When we think of getting on the road in our cars, our first thoughts may not be that fellow drivers are particularly safe or careful - but human drivers are more reliable than one may expect. For each fatal car crash in the United States, motor vehicles log a whopping hundred million miles on the road.
Human reliability also plays a role in how autonomous vehicles are integrated in the traffic system, especially around safety considerations. Human drivers continue to surpass autonomous vehicles in their ability to make quick decisions and perceive complex environments: Autonomous vehicles are known to struggle with seemingly common tasks, such as taking onor off-ramps, or turning left in the face of oncoming traffic. Despite these enormous challenges, embracing autonomous vehicles in the future could yield great benefits, like clearing congested highways; enhancing freedom and mobility for non-drivers; and boosting driving efficiency, an important piece in fighting climate change.
MIT engineer Cathy Wu envisions ways that autonomous vehicles could be deployed with their current shortcomings, without experiencing a dip in safety. "I started thinking more about the bottlenecks. It’s very clear that the main barrier to deployment of autonomous vehicles is safety and reliability," Wu says.
One path forward may be to introduce a hybrid system, in which autonomous vehicles handle easier scenarios on their own, like cruising on the highway, while transferring more complicated maneuvers to remote human operators. Wu, who is a member of the Laboratory for Information and Decision Systems (LIDS), a Gilbert W. Winslow Assistant Professor of Civil and Environmental Engineering (CEE) and a member of the MIT Institute for Data, Systems, and Society (IDSS), likens this approach to air traffic controllers on the ground directing commercial aircraft.
In a paper published April 12 in IEEE Transactions on Robotics, Wu and co-authors Cameron Hickert and Sirui Li (both graduate students at LIDS) introduced a framework for how remote human supervision could be scaled to make a hybrid system efficient without compromising passenger safety. They noted that if autonomous vehicles were able to coordinate with each other on the road, they could reduce the number of moments in which humans needed to intervene.
Humans and cars: finding a balance that’s just right
For the project, Wu, Hickert, and Li sought to tackle a maneuver that autonomous vehicles often struggle to complete. They decided to focus on merging, specifically when vehicles use an on-ramp to enter a highway. In real life, merging cars must accelerate or slow down in order to avoid crashing into cars already on the road. In this scenario, if an autonomous vehicle was about to merge into traffic, remote human supervisors could momentarily take control of the vehicle to ensure a safe merge.
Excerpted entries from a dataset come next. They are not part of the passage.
(* Let $\Lambda=[\lambda_{\min},\lambda_{\max}]$, $F\in C^2(\Lambda)$, let $\lambda_b\in\{\lambda_{\min},\lambda_{\max}\}$ and let $\lambda_0=\lambda_b$, $\lambda_1,\lambda_2$ be the boundary node and the next two grid nodes moving into the interior, with $h_0=|\lambda_1-\lambda_0|$, $h_1=|\lambda_2-\lambda_1|$ and $h=\max(h_0,h_1)$. Let $d_0=\frac{F(\lambda_1)-F(\lambda_0)}{\lambda_1-\lambda_0}$, $d_1=\frac{F(\lambda_2)-F(\lambda_1)}{\lambda_2-\lambda_1}$, and let $m_b$ be the Fritsch–Carlson boundary slope: $m_b=\frac{(2h_0+h_1)d_0-h_0d_1}{h_0+h_1}$ if $d_0d_1>0$ and $m_b=0$ if $d_0d_1\le0$. Then $$|m_b-F'(\lambda_b)|\le C\,h\,\|F''\|_{\infty,\Lambda}$$ for a constant $C$ depending only on mesh regularity.
   Context: $\|g\|_{\infty,\Lambda}=\sup_{\lambda\in\Lambda}|g(\lambda)|$. "Mesh regularity" refers to bounds on the ratios of neighbouring grid steps. *)

theory Defs
  imports "HOL-Analysis.Analysis"
begin

definition fc_boundary_slope :: "(real \<Rightarrow> real) \<Rightarrow> real \<Rightarrow> real \<Rightarrow> real \<Rightarrow> real" where
  "fc_boundary_slope F l0 l1 l2 =
     (let h0 = \<bar>l1 - l0\<bar>; h1 = \<bar>l2 - l1\<bar>;
          d0 = (F l1 - F l0) / (l1 - l0); d1 = (F l2 - F l1) / (l2 - l1)
      in if d0 * d1 > 0 then ((2*h0 + h1) * d0 - h0 * d1) / (h0 + h1) else 0)"

definition sup_norm_on :: "real set \<Rightarrow> (real \<Rightarrow> real) \<Rightarrow> real" where
  "sup_norm_on S g = (SUP x\<in>S. \<bar>g x\<bar>)"

end

theory Submission
  imports Defs
begin

text \<open>Both divided differences are values of \<open>F'\<close> at mean-value points \<open>\<xi>\<^sub>0 \<in> [\<lambda>\<^sub>b, \<lambda>\<^sub>1]\<close>
and \<open>\<xi>\<^sub>1 \<in> [\<lambda>\<^sub>1, \<lambda>\<^sub>2]\<close>, and \<open>F'\<close> is Lipschitz with constant \<open>M = \<parallel>F''\<parallel>\<^sub>\<infinity>\<close>. Hence
\<open>|F'(\<lambda>\<^sub>b) - d\<^sub>0| \<le> M h\<^sub>0\<close> and \<open>|d\<^sub>0 - d\<^sub>1| \<le> M (h\<^sub>0 + h\<^sub>1)\<close>. The unlimited slope is
\<open>d\<^sub>0 + h\<^sub>0/(h\<^sub>0+h\<^sub>1) (d\<^sub>0 - d\<^sub>1)\<close>, which is within \<open>2 M h\<close> of \<open>F'(\<lambda>\<^sub>b)\<close>; when the limiter
returns \<open>0\<close>, the slopes \<open>d\<^sub>0, d\<^sub>1\<close> have opposite signs, so \<open>|d\<^sub>0| \<le> |d\<^sub>0 - d\<^sub>1|\<close> and
\<open>|F'(\<lambda>\<^sub>b)| \<le> 3 M h\<close>. So \<open>C = 3\<close> works for every mesh, regular or not.\<close>

lemma difference_quotient_eq_derivative:
  fixes f f' :: "real \<Rightarrow> real"
  assumes "convex S"
    and deriv: "\<And>x. x \<in> S \<Longrightarrow> (f has_real_derivative f' x) (at x within S)"
    and "a \<in> S" "b \<in> S" "a \<noteq> b"
  shows "\<exists>\<xi>\<in>closed_segment a b. (f b - f a) / (b - a) = f' \<xi>"
proof -
  have ordered: "\<exists>\<xi>\<in>closed_segment u v. (f v - f u) / (v - u) = f' \<xi>"
    if "u \<in> S" "v \<in> S" "u < v" for u v
  proof -
    have sub: "{u..v} \<subseteq> S"
      using closed_segment_subset[OF that(1,2) \<open>convex S\<close>] \<open>u < v\<close>
      by (simp add: closed_segment_eq_real_ivl)
    have "\<exists>\<xi>\<in>{u<..<v}. f v - f u = f' \<xi> * (v - u)"
    proof (rule mvt_simple[OF \<open>u < v\<close>])
      fix x assume "u \<le> x" "x \<le> v"
      with sub deriv have "(f has_real_derivative f' x) (at x within {u..v})"
        by (meson atLeastAtMost_iff has_field_derivative_subset subsetD)
      then show "(f has_derivative (*) (f' x)) (at x within {u..v})"
        by (simp add: has_field_derivative_def)
    qed
    then show ?thesis
      using \<open>u < v\<close> by (auto simp: closed_segment_eq_real_ivl)
  qed
  show ?thesis
  proof (cases "a < b")
    case True
    then show ?thesis using ordered assms(3,4) by blast
  next
    case False
    then have "b < a" using \<open>a \<noteq> b\<close> by simp
    then obtain \<xi> where "\<xi> \<in> closed_segment b a" "(f a - f b) / (a - b) = f' \<xi>"
      using ordered assms(3,4) by blast
    then show ?thesis
      by (metis closed_segment_commute minus_diff_eq minus_divide_divide)
  qed
qed

lemma abs_le_sup_norm_on:
  assumes "compact S" "continuous_on S g" "x \<in> S"
  shows "\<bar>g x\<bar> \<le> sup_norm_on S g"
proof -
  have "compact ((\<lambda>x. \<bar>g x\<bar>) ` S)"
    by (intro compact_continuous_image continuous_intros assms)
  then have "bdd_above ((\<lambda>x. \<bar>g x\<bar>) ` S)"
    by (intro bounded_imp_bdd_above compact_imp_bounded)
  then show ?thesis
    unfolding sup_norm_on_def by (rule cSUP_upper[OF \<open>x \<in> S\<close>])
qed

lemma abs_le_abs_diff_if_mult_nonpos:
  fixes a b :: real
  assumes "a * b \<le> 0"
  shows "\<bar>a\<bar> \<le> \<bar>a - b\<bar>"
  using assms by (cases "a \<ge> 0"; cases "b \<ge> 0") (auto simp: mult_le_0_iff)

lemma limited_slope_error:
  fixes h0 h1 M d0 d1 e :: real
  assumes "h0 > 0" "h1 > 0"
    and err0: "\<bar>e - d0\<bar> \<le> M * h0"
    and err01: "\<bar>d0 - d1\<bar> \<le> M * (h0 + h1)"
  shows "\<bar>(if d0 * d1 > 0 then ((2*h0 + h1) * d0 - h0 * d1) / (h0 + h1) else 0) - e\<bar>
        \<le> 3 * max h0 h1 * M"
proof -
  have "M \<ge> 0"
    using err0 \<open>h0 > 0\<close> by (smt (verit) zero_le_mult_iff)
  have h0_le: "M * h0 \<le> max h0 h1 * M"
    using \<open>M \<ge> 0\<close> by (simp add: mult.commute mult_left_mono)
  have "M * (h0 + h1) \<le> M * (2 * max h0 h1)"
    using \<open>M \<ge> 0\<close> by (intro mult_left_mono) auto
  then have sum_le: "M * (h0 + h1) \<le> 2 * (max h0 h1 * M)"
    by (simp add: mult_ac)
  have max_nonneg: "max h0 h1 * M \<ge> 0"
    using \<open>M \<ge> 0\<close> \<open>h0 > 0\<close> by simp
  have three: "3 * max h0 h1 * M = 3 * (max h0 h1 * M)"
    by simp
  show ?thesis
  proof (cases "d0 * d1 > 0")
    case True
    define q where "q = h0 / (h0 + h1) * (d0 - d1)"
    have "((2*h0 + h1) * d0 - h0 * d1) / (h0 + h1) = d0 + q"
      using assms(1,2) by (simp add: q_def field_simps)
    moreover have "\<bar>q\<bar> \<le> M * h0"
    proof -
      have "\<bar>q\<bar> = h0 / (h0 + h1) * \<bar>d0 - d1\<bar>"
        using assms(1,2) by (simp add: q_def abs_mult)
      also have "\<dots> \<le> h0 / (h0 + h1) * (M * (h0 + h1))"
        using assms(1,2) err01 by (intro mult_left_mono) auto
      also have "\<dots> = M * h0"
        using assms(1,2) by simp
      finally show ?thesis .
    qed
    moreover have "\<bar>d0 + q - e\<bar> \<le> \<bar>e - d0\<bar> + \<bar>q\<bar>"
      by arith
    ultimately show ?thesis
      using True err0 h0_le max_nonneg three by simp
  next
    case False
    then have "\<bar>d0\<bar> \<le> \<bar>d0 - d1\<bar>"
      by (intro abs_le_abs_diff_if_mult_nonpos) simp
    moreover have "\<bar>e\<bar> \<le> \<bar>e - d0\<bar> + \<bar>d0\<bar>"
      using abs_triangle_ineq[of "e - d0" d0] by simp
    ultimately show ?thesis
      using False err0 err01 h0_le sum_le three by simp
  qed
qed

lemma fc_boundary_slope_error_lipschitz:
  fixes F F1 :: "real \<Rightarrow> real"
  assumes "convex S"
    and deriv: "\<And>x. x \<in> S \<Longrightarrow> (F has_real_derivative F1 x) (at x within S)"
    and lipschitz: "\<And>x y. x \<in> S \<Longrightarrow> y \<in> S \<Longrightarrow> \<bar>F1 x - F1 y\<bar> \<le> M * \<bar>x - y\<bar>"
    and nodes: "lb \<in> S" "l1 \<in> S" "l2 \<in> S" "lb \<noteq> l1" "l1 \<noteq> l2"
  shows "\<bar>fc_boundary_slope F lb l1 l2 - F1 lb\<bar> \<le> 3 * max \<bar>l1 - lb\<bar> \<bar>l2 - l1\<bar> * M"
proof -
  obtain \<xi>0 where \<xi>0: "\<xi>0 \<in> closed_segment lb l1" "(F l1 - F lb) / (l1 - lb) = F1 \<xi>0"
    using difference_quotient_eq_derivative[OF \<open>convex S\<close> deriv nodes(1,2,4)] by blast
  obtain \<xi>1 where \<xi>1: "\<xi>1 \<in> closed_segment l1 l2" "(F l2 - F l1) / (l2 - l1) = F1 \<xi>1"
    using difference_quotient_eq_derivative[OF \<open>convex S\<close> deriv nodes(2,3,5)] by blast
  have in_S: "\<xi>0 \<in> S" "\<xi>1 \<in> S"
    using \<xi>0(1) \<xi>1(1) closed_segment_subset[OF _ _ \<open>convex S\<close>] nodes by blast+
  have "M \<ge> 0"
    using lipschitz[OF nodes(1,2)] nodes(4) by (smt (verit) zero_le_mult_iff)
  have "\<bar>F1 lb - F1 \<xi>0\<bar> \<le> M * \<bar>l1 - lb\<bar>"
  proof -
    have "\<bar>lb - \<xi>0\<bar> \<le> \<bar>l1 - lb\<bar>"
      using segment_bound(1)[OF \<xi>0(1)] by (simp add: abs_minus_commute)
    then show ?thesis
      using lipschitz[OF nodes(1) in_S(1)] mult_left_mono[OF _ \<open>M \<ge> 0\<close>] by fastforce
  qed
  moreover have "\<bar>F1 \<xi>0 - F1 \<xi>1\<bar> \<le> M * (\<bar>l1 - lb\<bar> + \<bar>l2 - l1\<bar>)"
  proof -
    have "\<bar>\<xi>0 - \<xi>1\<bar> \<le> \<bar>\<xi>0 - l1\<bar> + \<bar>\<xi>1 - l1\<bar>"
      using abs_triangle_ineq4[of "\<xi>0 - l1" "\<xi>1 - l1"] by simp
    also have "\<dots> \<le> \<bar>l1 - lb\<bar> + \<bar>l2 - l1\<bar>"
      using segment_bound(2)[OF \<xi>0(1)] segment_bound(1)[OF \<xi>1(1)] by simp
    finally show ?thesis
      using lipschitz[OF in_S] mult_left_mono[OF _ \<open>M \<ge> 0\<close>] by fastforce
  qed
  ultimately show ?thesis
    unfolding fc_boundary_slope_def Let_def \<xi>0(2) \<xi>1(2)
    by (intro limited_slope_error) (use nodes in auto)
qed

theorem mainTheorem14:
  fixes \<rho> :: real
  shows "\<exists>C. \<forall>(lmin::real) lmax (F::real\<Rightarrow>real) F1 F2 lb l1 l2.
    lmin < lmax \<longrightarrow>
    (\<forall>x\<in>{lmin..lmax}. (F has_real_derivative F1 x) (at x within {lmin..lmax})) \<longrightarrow>
    (\<forall>x\<in>{lmin..lmax}. (F1 has_real_derivative F2 x) (at x within {lmin..lmax})) \<longrightarrow>
    continuous_on {lmin..lmax} F2 \<longrightarrow>
    ((lb = lmin \<and> lb < l1 \<and> l1 < l2 \<and> l2 \<le> lmax) \<or>
     (lb = lmax \<and> lb > l1 \<and> l1 > l2 \<and> l2 \<ge> lmin)) \<longrightarrow>
    \<bar>l1 - lb\<bar> \<le> \<rho> * \<bar>l2 - l1\<bar> \<longrightarrow> \<bar>l2 - l1\<bar> \<le> \<rho> * \<bar>l1 - lb\<bar> \<longrightarrow>
    \<bar>fc_boundary_slope F lb l1 l2 - F1 lb\<bar>
      \<le> C * max \<bar>l1 - lb\<bar> \<bar>l2 - l1\<bar> * sup_norm_on {lmin..lmax} F2"
proof (intro exI[of _ 3] allI impI)
  fix lmin lmax :: real and F F1 F2 :: "real \<Rightarrow> real" and lb l1 l2 :: real
  assume dF: "\<forall>x\<in>{lmin..lmax}. (F has_real_derivative F1 x) (at x within {lmin..lmax})"
    and dF1: "\<forall>x\<in>{lmin..lmax}. (F1 has_real_derivative F2 x) (at x within {lmin..lmax})"
    and cont: "continuous_on {lmin..lmax} F2"
    and nodes: "(lb = lmin \<and> lb < l1 \<and> l1 < l2 \<and> l2 \<le> lmax) \<or>
                (lb = lmax \<and> lb > l1 \<and> l1 > l2 \<and> l2 \<ge> lmin)"
  have "\<bar>F1 x - F1 y\<bar> \<le> sup_norm_on {lmin..lmax} F2 * \<bar>x - y\<bar>"
    if "x \<in> {lmin..lmax}" "y \<in> {lmin..lmax}" for x y
    using field_differentiable_bound[of "{lmin..lmax}" F1 F2, OF _ _ _ that] dF1 cont
      abs_le_sup_norm_on[of "{lmin..lmax}" F2]
    by simp
  moreover have "lb \<in> {lmin..lmax}" "l1 \<in> {lmin..lmax}" "l2 \<in> {lmin..lmax}" "lb \<noteq> l1" "l1 \<noteq> l2"
    using nodes by auto
  ultimately show "\<bar>fc_boundary_slope F lb l1 l2 - F1 lb\<bar>
      \<le> 3 * max \<bar>l1 - lb\<bar> \<bar>l2 - l1\<bar> * sup_norm_on {lmin..lmax} F2"
    using dF by (intro fc_boundary_slope_error_lipschitz[of "{lmin..lmax}"]) simp_all
qed

end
In order to evaluate the efficiency of such a system, particularly while guaranteeing safety, the team specified the maximum amount of time each human supervisor would be expected to spend on a single merge. They were interested in understanding whether a small number of remote human supervisors could successfully manage a larger group of autonomous vehicles, and the extent to which this human-to-car ratio could be improved while still safely covering every merge.
With more autonomous vehicles in use, one might assume a need for more remote supervisors. But in scenarios where autonomous vehicles coordinated with each other, the team found that cars could significantly reduce the number of times humans needed to step in. For example, a coordinating autonomous vehicle already on a highway could adjust its speed to make room for a merging car, eliminating a risky merging situation altogether.
The team substantiated the potential to safely scale remote supervision in two theorems. First, using a mathematical framework known as queuing theory, the researchers formulated an expression to capture the probability of a given number of supervisors failing to handle all merges pooled together from multiple cars. This way, the researchers were able to assess how many remote supervisors would be needed in order to cover every potential merge conflict, depending on the number of autonomous vehicles in use. The researchers derived a second theorem to quantify the influence of cooperative autonomous vehicles on surrounding traffic for boosting reliability, to assist cars attempting to merge.
When the team modeled a scenario in which 30 percent of cars on the road were cooperative autonomous vehicles, they estimated that a ratio of one human supervisor to every 47 autonomous vehicles could cover 99.9999 percent of merging cases. But this level of coverage drops below 99 percent, an unacceptable range, in scenarios where autonomous vehicles did not cooperate with each other.
"If vehicles were to coordinate and basically prevent the need for supervision, that’s actually the best way to improve reliability," Wu says.
Cruising toward the future
The team decided to focus on merging not only because it’s a challenge for autonomous vehicles, but also because it’s a well-defined task associated with a less-daunting scenario: driving on the highway. About half of the total miles traveled in the United States occur on interstates and other freeways. Since highways allow higher speeds than city roads, Wu says, "If you can fully automate highway driving... you give people back about a third of their driving time."
If it became feasible for autonomous vehicles to cruise unsupervised for most highway driving, the challenge of safely navigating complex or unexpected moments would remain. For instance, "you [would] need to be able to handle the start and end of the highway driving," Wu says. You would also need to be able to manage times when passengers zone out or fall asleep, making them unable to quickly take over controls should it be needed. But if remote human supervisors could guide autonomous vehicles at key moments, passengers may never have to touch the wheel. Besides merging, other challenging situations on the highway include changing lanes and overtaking slower cars on the road.
Although remote supervision and coordinated autonomous vehicles are hypotheticals for high-speed operations, and not currently in use, Wu hopes that thinking about these topics can encourage growth in the field.
"This gives us some more confidence that the autonomous driving experience can happen," Wu says. "I think we need to be more creative about what we mean by ’autonomous vehicles.’ We want to give people back their time - safely. We want the benefits, we don’t strictly want something that drives autonomously."